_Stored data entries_
────────────────────

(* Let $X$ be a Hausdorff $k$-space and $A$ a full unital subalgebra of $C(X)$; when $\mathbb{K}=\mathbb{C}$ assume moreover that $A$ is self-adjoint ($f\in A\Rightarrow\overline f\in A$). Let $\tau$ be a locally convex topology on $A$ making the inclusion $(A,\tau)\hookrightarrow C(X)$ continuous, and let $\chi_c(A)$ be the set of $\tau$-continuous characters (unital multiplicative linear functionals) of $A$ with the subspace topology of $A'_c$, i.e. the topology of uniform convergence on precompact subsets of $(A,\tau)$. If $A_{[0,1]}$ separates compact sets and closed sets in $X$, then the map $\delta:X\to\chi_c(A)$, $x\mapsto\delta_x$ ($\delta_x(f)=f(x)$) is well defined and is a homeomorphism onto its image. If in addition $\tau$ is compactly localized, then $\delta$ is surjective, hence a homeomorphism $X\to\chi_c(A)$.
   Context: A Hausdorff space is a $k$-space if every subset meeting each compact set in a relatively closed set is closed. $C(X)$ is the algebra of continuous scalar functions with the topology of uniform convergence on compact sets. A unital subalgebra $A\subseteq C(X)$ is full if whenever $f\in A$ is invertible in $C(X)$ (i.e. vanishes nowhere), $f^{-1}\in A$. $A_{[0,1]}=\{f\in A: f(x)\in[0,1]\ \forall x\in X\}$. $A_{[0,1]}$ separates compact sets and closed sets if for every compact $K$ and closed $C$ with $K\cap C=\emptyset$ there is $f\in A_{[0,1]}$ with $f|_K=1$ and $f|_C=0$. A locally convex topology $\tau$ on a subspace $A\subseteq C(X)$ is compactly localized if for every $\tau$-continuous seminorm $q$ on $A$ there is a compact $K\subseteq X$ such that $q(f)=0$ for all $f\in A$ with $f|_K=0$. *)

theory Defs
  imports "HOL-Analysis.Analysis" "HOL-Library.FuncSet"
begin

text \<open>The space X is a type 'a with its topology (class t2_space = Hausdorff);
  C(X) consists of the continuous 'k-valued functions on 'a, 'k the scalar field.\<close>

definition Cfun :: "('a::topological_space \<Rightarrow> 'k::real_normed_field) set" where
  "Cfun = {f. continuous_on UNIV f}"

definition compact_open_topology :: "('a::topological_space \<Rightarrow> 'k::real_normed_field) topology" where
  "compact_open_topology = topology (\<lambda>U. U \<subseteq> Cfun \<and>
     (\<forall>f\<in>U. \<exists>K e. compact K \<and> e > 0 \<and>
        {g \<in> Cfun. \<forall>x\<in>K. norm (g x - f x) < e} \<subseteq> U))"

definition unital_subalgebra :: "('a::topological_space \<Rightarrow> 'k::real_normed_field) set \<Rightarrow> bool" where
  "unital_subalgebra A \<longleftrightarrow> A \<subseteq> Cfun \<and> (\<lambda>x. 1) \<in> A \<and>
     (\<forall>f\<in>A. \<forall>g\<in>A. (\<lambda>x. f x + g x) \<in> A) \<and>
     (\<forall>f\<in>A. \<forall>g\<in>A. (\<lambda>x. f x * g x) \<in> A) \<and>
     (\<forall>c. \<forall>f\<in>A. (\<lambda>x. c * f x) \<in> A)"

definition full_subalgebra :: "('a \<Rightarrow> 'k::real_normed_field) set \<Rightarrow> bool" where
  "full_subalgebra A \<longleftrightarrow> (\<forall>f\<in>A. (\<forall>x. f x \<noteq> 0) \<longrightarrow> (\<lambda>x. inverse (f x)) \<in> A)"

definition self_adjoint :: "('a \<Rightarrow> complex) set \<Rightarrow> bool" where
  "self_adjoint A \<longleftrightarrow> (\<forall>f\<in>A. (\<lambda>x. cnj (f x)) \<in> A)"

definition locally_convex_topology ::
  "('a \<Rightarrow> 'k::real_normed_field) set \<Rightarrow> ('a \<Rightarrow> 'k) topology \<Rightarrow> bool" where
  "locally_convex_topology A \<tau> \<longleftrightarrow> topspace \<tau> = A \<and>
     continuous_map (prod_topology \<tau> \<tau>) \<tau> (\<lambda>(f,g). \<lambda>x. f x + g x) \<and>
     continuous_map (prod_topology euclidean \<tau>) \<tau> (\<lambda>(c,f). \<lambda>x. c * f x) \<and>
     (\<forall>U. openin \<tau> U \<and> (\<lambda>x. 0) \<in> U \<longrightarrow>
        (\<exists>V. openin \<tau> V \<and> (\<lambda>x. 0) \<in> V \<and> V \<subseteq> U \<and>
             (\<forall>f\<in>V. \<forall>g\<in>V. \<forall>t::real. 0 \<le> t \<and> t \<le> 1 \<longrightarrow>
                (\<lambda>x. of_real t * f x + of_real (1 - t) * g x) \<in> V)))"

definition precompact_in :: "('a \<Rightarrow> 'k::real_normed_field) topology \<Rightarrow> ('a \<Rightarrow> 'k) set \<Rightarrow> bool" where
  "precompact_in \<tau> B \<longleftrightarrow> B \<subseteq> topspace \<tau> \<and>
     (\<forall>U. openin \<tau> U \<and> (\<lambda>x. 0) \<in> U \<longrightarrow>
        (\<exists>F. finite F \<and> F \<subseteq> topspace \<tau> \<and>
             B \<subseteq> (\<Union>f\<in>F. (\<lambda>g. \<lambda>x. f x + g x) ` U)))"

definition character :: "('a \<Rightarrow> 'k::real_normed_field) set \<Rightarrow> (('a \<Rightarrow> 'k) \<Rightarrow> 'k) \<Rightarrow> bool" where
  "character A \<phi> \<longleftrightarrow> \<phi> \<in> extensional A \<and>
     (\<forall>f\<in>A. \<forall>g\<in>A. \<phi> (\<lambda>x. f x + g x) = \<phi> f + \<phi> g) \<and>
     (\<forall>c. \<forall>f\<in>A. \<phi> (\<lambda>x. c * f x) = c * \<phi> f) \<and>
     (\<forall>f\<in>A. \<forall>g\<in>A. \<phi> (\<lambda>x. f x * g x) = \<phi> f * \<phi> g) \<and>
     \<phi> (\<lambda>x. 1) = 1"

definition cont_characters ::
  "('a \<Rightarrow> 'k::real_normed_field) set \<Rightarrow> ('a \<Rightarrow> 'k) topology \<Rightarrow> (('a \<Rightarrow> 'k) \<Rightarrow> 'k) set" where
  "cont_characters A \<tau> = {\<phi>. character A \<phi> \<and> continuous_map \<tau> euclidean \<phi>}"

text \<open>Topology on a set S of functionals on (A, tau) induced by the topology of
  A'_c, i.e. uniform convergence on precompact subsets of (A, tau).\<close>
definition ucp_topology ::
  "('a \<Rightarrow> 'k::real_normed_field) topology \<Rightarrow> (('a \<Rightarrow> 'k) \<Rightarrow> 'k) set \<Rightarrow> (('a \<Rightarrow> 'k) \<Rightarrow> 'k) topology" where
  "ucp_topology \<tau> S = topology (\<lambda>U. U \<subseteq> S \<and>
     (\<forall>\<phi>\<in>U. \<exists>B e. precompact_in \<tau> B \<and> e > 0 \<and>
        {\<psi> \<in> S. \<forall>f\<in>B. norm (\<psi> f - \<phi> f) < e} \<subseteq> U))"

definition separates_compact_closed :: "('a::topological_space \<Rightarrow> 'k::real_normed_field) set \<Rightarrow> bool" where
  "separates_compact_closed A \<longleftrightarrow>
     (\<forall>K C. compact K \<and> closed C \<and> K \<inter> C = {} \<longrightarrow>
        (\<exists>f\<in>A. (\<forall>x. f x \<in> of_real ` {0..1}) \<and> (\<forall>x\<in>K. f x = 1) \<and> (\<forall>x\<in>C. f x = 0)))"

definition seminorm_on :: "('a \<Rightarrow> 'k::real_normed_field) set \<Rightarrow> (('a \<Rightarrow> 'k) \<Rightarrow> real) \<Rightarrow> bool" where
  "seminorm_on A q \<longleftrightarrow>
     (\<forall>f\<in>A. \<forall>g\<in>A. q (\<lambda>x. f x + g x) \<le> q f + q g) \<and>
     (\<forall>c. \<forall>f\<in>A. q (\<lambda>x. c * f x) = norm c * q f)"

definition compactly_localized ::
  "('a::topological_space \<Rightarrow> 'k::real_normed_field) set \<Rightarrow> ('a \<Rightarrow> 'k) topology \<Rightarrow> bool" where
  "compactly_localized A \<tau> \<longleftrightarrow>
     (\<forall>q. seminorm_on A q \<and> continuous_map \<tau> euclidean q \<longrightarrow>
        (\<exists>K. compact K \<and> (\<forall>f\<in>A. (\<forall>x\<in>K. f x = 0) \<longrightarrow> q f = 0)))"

────────────────────

_WHAT THE EXERCISE ASKS_
As the answer, set down only the lines from the data above between the one holding "B \<subseteq> topspace \<tau> \<and>" and the one holding "extensional A \<and>", inclusive, exactly as they read.

_SOLUTION FOR THIS EXERCISE_
  "precompact_in \<tau> B \<longleftrightarrow> B \<subseteq> topspace \<tau> \<and>
     (\<forall>U. openin \<tau> U \<and> (\<lambda>x. 0) \<in> U \<longrightarrow>
        (\<exists>F. finite F \<and> F \<subseteq> topspace \<tau> \<and>
             B \<subseteq> (\<Union>f\<in>F. (\<lambda>g. \<lambda>x. f x + g x) ` U)))"

definition character :: "('a \<Rightarrow> 'k::real_normed_field) set \<Rightarrow> (('a \<Rightarrow> 'k) \<Rightarrow> 'k) \<Rightarrow> bool" where
  "character A \<phi> \<longleftrightarrow> \<phi> \<in> extensional A \<and>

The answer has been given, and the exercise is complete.